Anthony Carrigan is golden as the charismatically insane Zsasz

Acting on Cobblepot’s suggestion, Frankie leads a couple thugs to take out Nikolai and his crew. Believing this is his chance, Frankie wants to kill Cobblepot but the off-kilter Penguin has already made his own plans. “When you know what a man wants, you know what can kill him,” he prophesizes to Frankie. The latter’s weakness is his greed and “you don’t pay your people enough.” Cobblepot’s already bought Frankie’s men who seize their former boss so Penguin can gut him like a fish. “Love, Mr. Carbone,” he says to the dying man, “love conquers all.” The act of losing two of their most loyal men force Falcone and Maroni to meet. The agree to a détente. Falcone offers Cobblepot to Maroni, free and clear while, after Cobblepot’s suggestion, Maroni gives Indian Hill (part of Arkham) to Falcone.

So much going on with the bad guys we nearly forget about Gordon and his crusade. When we do get back to the golden boy, he gets a surprise when Bullock (and his “Duchess of Devonshire”) comes knocking at his door. “I’ll back your play,” the inebriated detective promises, even after Gordon lays out the insanity of it all; arresting the baddies for the framing of Mario Pepper. They start with the mayor before moving to Falcone. The Don is confident and also has his own ace in the hole; Barbara. Despite seeing her out of the city, Barbara returned to beg Falcone for Gordon’s life. At first it seems to be a ploy but Gordon doesn’t take the chance. It wasn’t a ruse after all and as the two detectives await the mercy of Falcone, they are surprised to find themselves released by the Don, but not before Falcone reiterates his earlier point to Gordon of anarchy being the true enemy of Gotham. “Perhaps there’s hope for you,” he mutters before sending the trio on their way. But it wasn’t out of the kindness of his heart. When the dust settles, Falcone pays a visit outside with none other than Oswald Cobblepot. They’ve been working together since the beginning, Cobblepot promising to be the greatest of Falcone’s snitches. It’s worked all the way through but Falcone doesn’t know if letting Gordon live was the right thing. “Don’t worry,” Cobblepot tells him, “he’ll see the light. One way or another, I guarantee it.”

The Sweet Spot

It often takes the better part of the first year for a new show to creatively hit its stride. The first six weeks into ‘Gotham’ has been an up and down of good acting but subpar storylines.
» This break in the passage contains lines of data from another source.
(* Let $G$ be a finite connected multigraph and $D\in\operatorname{Div}(G)$. Then the limit $\lim_{\ell\to\infty} r(\ell D)/\ell$ exists (and hence equals $\operatorname{vol}^{\mathbb{T}}_G(D)$).
   Context: A multigraph allows loops and multiple edges; $G$ is finite and connected. $\operatorname{Div}(G)=\bigoplus_{v\in V(G)}\mathbb{Z}v$. For $f:V(G)\to\mathbb{Z}$, $\operatorname{div}(f)=\sum_v\big(\sum_{e\text{ non-loop edge joining }v\text{ to }w}(f(v)-f(w))\big)v$; $D\sim D'$ iff $D-D'$ is principal. $|D|=\{D'\ge 0: D'\sim D\}$. Baker--Norine rank: $r(D)=-1$ if $|D|=\varnothing$, otherwise $r(D)=\max\{d: |D-E|\ne\varnothing\ \forall E\ge 0,\ \deg E=d\}$. The tropical volume is $\operatorname{vol}^{\mathbb{T}}_G(D)=\limsup_{\ell\to\infty} r(\ell D)/\ell$. *)

theory Defs
  imports "HOL-Analysis.Analysis"
begin

text \<open>A finite multigraph: vertex set V, edge set E, each edge e has endpoints
  src e and tgt e (orientation irrelevant; loops allowed when src e = tgt e,
  parallel edges allowed since distinct edges may share endpoints).\<close>

definition multigraph :: "'v set \<Rightarrow> 'e set \<Rightarrow> ('e \<Rightarrow> 'v) \<Rightarrow> ('e \<Rightarrow> 'v) \<Rightarrow> bool" where
  "multigraph V E src tgt \<longleftrightarrow> finite V \<and> finite E \<and> (\<forall>e\<in>E. src e \<in> V \<and> tgt e \<in> V)"
lemma holds_comp_End:
  assumes "pform_over Q \<phi>" and "g \<in> End A Q" and "\<forall>i. v i \<in> A" and "holds A \<phi> v"
  shows "holds A \<phi> (g \<circ> v)"
  using assms
proof (induction \<phi> arbitrary: v)
  case (PAtom R xs)
  then have "map v xs \<in> snd R" and "R \<in> Q"
    by auto
  then have "map g (map v xs) \<in> snd R"
    using PAtom.prems(2) unfolding End_def preserves_map_def by blast
  then show ?case
    by (simp add: comp_def)
next
  case (PEx i \<phi>)
  then obtain a where a: "a \<in> A" "holds A \<phi> (v(i := a))"
    by auto
  have "pform_over Q \<phi>" "\<forall>j. (v(i := a)) j \<in> A"
    using PEx.prems a by auto
  then have "holds A \<phi> (g \<circ> v(i := a))"
    using PEx.IH PEx.prems(2) a(2) by blast
  moreover have "g \<circ> v(i := a) = (g \<circ> v)(i := g a)"
    by auto
  ultimately have "holds A \<phi> ((g \<circ> v)(i := g a))"
    by simp
  moreover have "g a \<in> A"
    using a PEx.prems(2) by (auto simp: End_def)
  ultimately show ?case
    unfolding holds.simps by blast
qed auto
lemma prob_walk_hits_eq_hit_prob:
  fixes Y :: "nat \<Rightarrow> 'a \<Rightarrow> int"
  assumes indep: "indep_vars (\<lambda>_. count_space UNIV) Y UNIV"
    and distr: "\<And>k i. prob {\<omega> \<in> space M. Y k \<omega> = i} = p i"
    and R: "finite R" "\<And>i. i \<notin> R \<Longrightarrow> p i = 0"
  shows "prob {\<omega> \<in> space M. \<exists>n \<le> N. x + (\<Sum>k<n. Y k \<omega>) \<in> T} = hit_prob p R T N x"
proof -
  define E where "E s = {\<omega> \<in> space M. \<forall>k < length s. Y k \<omega> = s ! k}" for s
  have Y_meas [measurable]: "Y k \<in> measurable M (count_space UNIV)" for k
    using indep by (auto simp: indep_vars_def2)
  have E_sets: "E s \<in> events" for s
    unfolding E_def by measurable
  have AE_R: "AE \<omega> in M. \<forall>k. Y k \<omega> \<in> R"
    unfolding AE_all_countable using R(2) by (intro allI AE_in_support Y_meas) (simp add: distr)
  have "prob {\<omega> \<in> space M. \<exists>n \<le> N. x + (\<Sum>k<n. Y k \<omega>) \<in> T}
          = prob (\<Union>s \<in> {s. set s \<subseteq> R \<and> length s = N \<and> hits T x s}. E s)"
    unfolding walk_hits_eq_UN_prefixes E_def[symmetric]
  proof (rule measure_eq_AE)
    show "AE \<omega> in M. \<omega> \<in> (\<Union>s \<in> {s. length s = N \<and> hits T x s}. E s)
                \<longleftrightarrow> \<omega> \<in> (\<Union>s \<in> {s. set s \<subseteq> R \<and> length s = N \<and> hits T x s}. E s)"
      using AE_R
    proof eventually_elim
      case (elim \<omega>)
      have "set s \<subseteq> R" if "\<omega> \<in> E s" for s
      proof
        fix i assume "i \<in> set s"
        then obtain k where "k < length s" "i = s ! k"
          by (auto simp: in_set_conv_nth)
        then show "i \<in> R"
          using that elim by (auto simp: E_def) metis
      qed
      then show ?case
        by auto
    qed
  qed (use E_sets in \<open>auto intro: sets.countable_UN'\<close>)
  also have "\<dots> = hit_prob p R T N x"
    unfolding E_def using indep distr R(1) by (rule prob_prefixes_eq_hit_prob)
  finally show ?thesis .
qed
lemma strict_mono_on_eq_sorted_list_of_set_nth:
  fixes f :: "nat \<Rightarrow> nat"
  assumes "finite C" "f ` C = D" "\<And>x y. x \<in> C \<Longrightarrow> y \<in> C \<Longrightarrow> x < y \<Longrightarrow> f x < f y" "x \<in> C"
  shows "f x = sorted_list_of_set D ! card {y \<in> C. y < x}"
proof -
  have inj: "inj_on f C" using assms(3) by (intro strict_mono_on_imp_inj_on strict_mono_onI)
  have "{y \<in> D. y < f x} = f ` {y \<in> C. y < x}"
    using assms by (auto simp: image_iff) (metis linorder_neqE_nat order.asym)
  then have "card {y \<in> D. y < f x} = card {y \<in> C. y < x}"
    using inj by (metis (no_types, lifting) card_image inj_on_subset mem_Collect_eq subsetI)
  then show ?thesis
    using sorted_list_of_set_nth_card_less[of D "f x"] assms by auto
qed

lemma card_less_Diff_add_card_less:
  fixes S :: "nat set"
  assumes "S \<subseteq> {1..n}" "x \<le> Suc n"
  shows "card {y \<in> {1..n} - S. y < x} + card {y \<in> S. y < x} = x - 1"
proof -
  have "card {y \<in> {1..n} - S. y < x} + card {y \<in> S. y < x}
      = card ({y \<in> {1..n} - S. y < x} \<union> {y \<in> S. y < x})"
  proof (rule card_Un_disjoint[symmetric])
    show "finite {y \<in> T. y < x}" for T :: "nat set"
      using finite_Collect_less_nat[of x] by (rule finite_subset[rotated]) auto
  qed auto
  also have "\<dots> = card {1..<x}" using assms by (intro arg_cong[where f = card]) auto
  finally show ?thesis by simp
qed

lemma sorted_wrt_map_nth_less_iff:
  assumes "sorted_wrt (<) (map f xs)" "i < length xs" "j < length xs"
  shows "f (xs ! i) < (f (xs ! j) :: 'b :: linorder) \<longleftrightarrow> i < j"
  using sorted_wrt_nth_less[OF assms(1)] assms
  by (metis length_map linorder_neqE_nat nth_map order.asym)

lemma card_less_image_nth:
  fixes f :: "'a \<Rightarrow> nat"
  assumes "sorted_wrt (<) (map f xs)" "i < length xs"
  shows "card {y \<in> f ` set xs. y < f (xs ! i)} = i"
proof -
  have "distinct (map f xs)" using assms(1) strict_sorted_iff by blast
  then have sorted_eq: "sorted_list_of_set (f ` set xs) = map f xs" and "card (f ` set xs) = length xs"
    using assms(1) sorted_list_of_set.idem_if_sorted_distinct[of "map f xs"] distinct_card[of "map f xs"]
    by (simp_all add: strict_sorted_iff)
  then have "card {y \<in> f ` set xs. y < sorted_list_of_set (f ` set xs) ! i} = i"
    using assms(2) by (intro card_less_sorted_list_of_set_nth) simp_all
  then show ?thesis using sorted_eq assms(2) by simp
qed

lemma sorted_wrt_filter_upt:
  assumes "\<And>i j. i < j \<Longrightarrow> j < N \<Longrightarrow> Q i \<Longrightarrow> Q j \<Longrightarrow> R i j"
  shows "sorted_wrt R (filter Q [0..<N])"
proof -
  have "sorted_wrt (<) (filter Q [0..<N])" by (intro sorted_wrt_filter) simp
  then show ?thesis by (rule sorted_wrt_mono_rel[rotated]) (auto intro: assms)
qed

section \<open>Preorder sequences of plane trees\<close>

text \<open>After an internal vertex the preorder descends to its first child; after a leaf it moves to a
  later sibling of the leaf or of one of its ancestors.\<close>
definition preorder_step :: "nat \<times> bool \<Rightarrow> nat \<times> bool \<Rightarrow> bool" where
  "preorder_step x y \<longleftrightarrow> (if snd x then fst y \<le> fst x else fst y = Suc (fst x))"

definition preorder_seq :: "nat \<Rightarrow> (nat \<times> bool) list \<Rightarrow> bool" where
  "preorder_seq d P \<longleftrightarrow> P \<noteq> [] \<and> fst (hd P) = d \<and> (\<forall>p \<in> set (tl P). d < fst p)
     \<and> successively preorder_step P \<and> snd (last P)"

definition forest_preorder_seq :: "nat \<Rightarrow> (nat \<times> bool) list \<Rightarrow> bool" where
  "forest_preorder_seq d R \<longleftrightarrow> R = [] \<or> (fst (hd R) = d \<and> (\<forall>p \<in> set R. d \<le> fst p)
     \<and> successively preorder_step R \<and> snd (last R))"

lemma preorder_ne_Nil: "preorder d t \<noteq> []"
  by (cases t) simp

lemma length_preorder: "length (preorder d t) = nverts t"
proof (induction t arbitrary: d)
  case (Node ts)
  have "map (length \<circ> preorder (Suc d)) ts = map nverts ts"
    using Node by auto
  then show ?case by (simp add: length_concat del: map_eq_conv)
qed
The only constants have been the dynamic between Gordon and Bullock and Robin Lord Taylor’s amazing performance as Oswald Cobblepot. Enter “Penguin’s Umbrella.” Not only do we get our hero put into peril in which we fear for his safety but we’re introduced to another creepy villain and are given insight into a behind-the-scenes plan that raises the bar and will power ‘Gotham’ throughout its freshman season.

  • Victor Zsasz: known in Batman lore for his insanity and the unique way he keeps track of his victims, his introduction magnifies the brutality of this fair city. Anthony Carrigan’s initial appearance as the madman is brilliant. He portrays a man that barely holds onto the constraints of his own sanity but delivers it in a fun and almost carefree manor. Maintaining Zsasz in the background, the attack dog even the owner’s not sure he can fully control, will only add to his appeal as things continue to develop.
  • Speaking of develop, I’d always thought Cobblepot was underrated but didn’t realize how much until we get a glimpse into the past and his deal with Falcone. The whole time, the sniveling coward (according to Fish) has been the one pulling the strings with everyone, including Falcone, dancing to his tune. His charisma and unassuming nature hides a viper whose cunning is not given its due.
  • I’ve been vocal about my beliefs that too much Bruce Wayne is a bad thing as far as ‘Gotham’ goes. Though he’s in only one scene, it makes up for much of the overt reminders of the Dark Knight he eventually becomes. As mentioned above, we’re given the first reminder since the premiere that, despite everything he does, Bruce Wayne is still a child, grossly unprepared to live and breathe in an adult world. Clinging to Gordon as if it were his lifeline was the best thing the writers could have done for his character.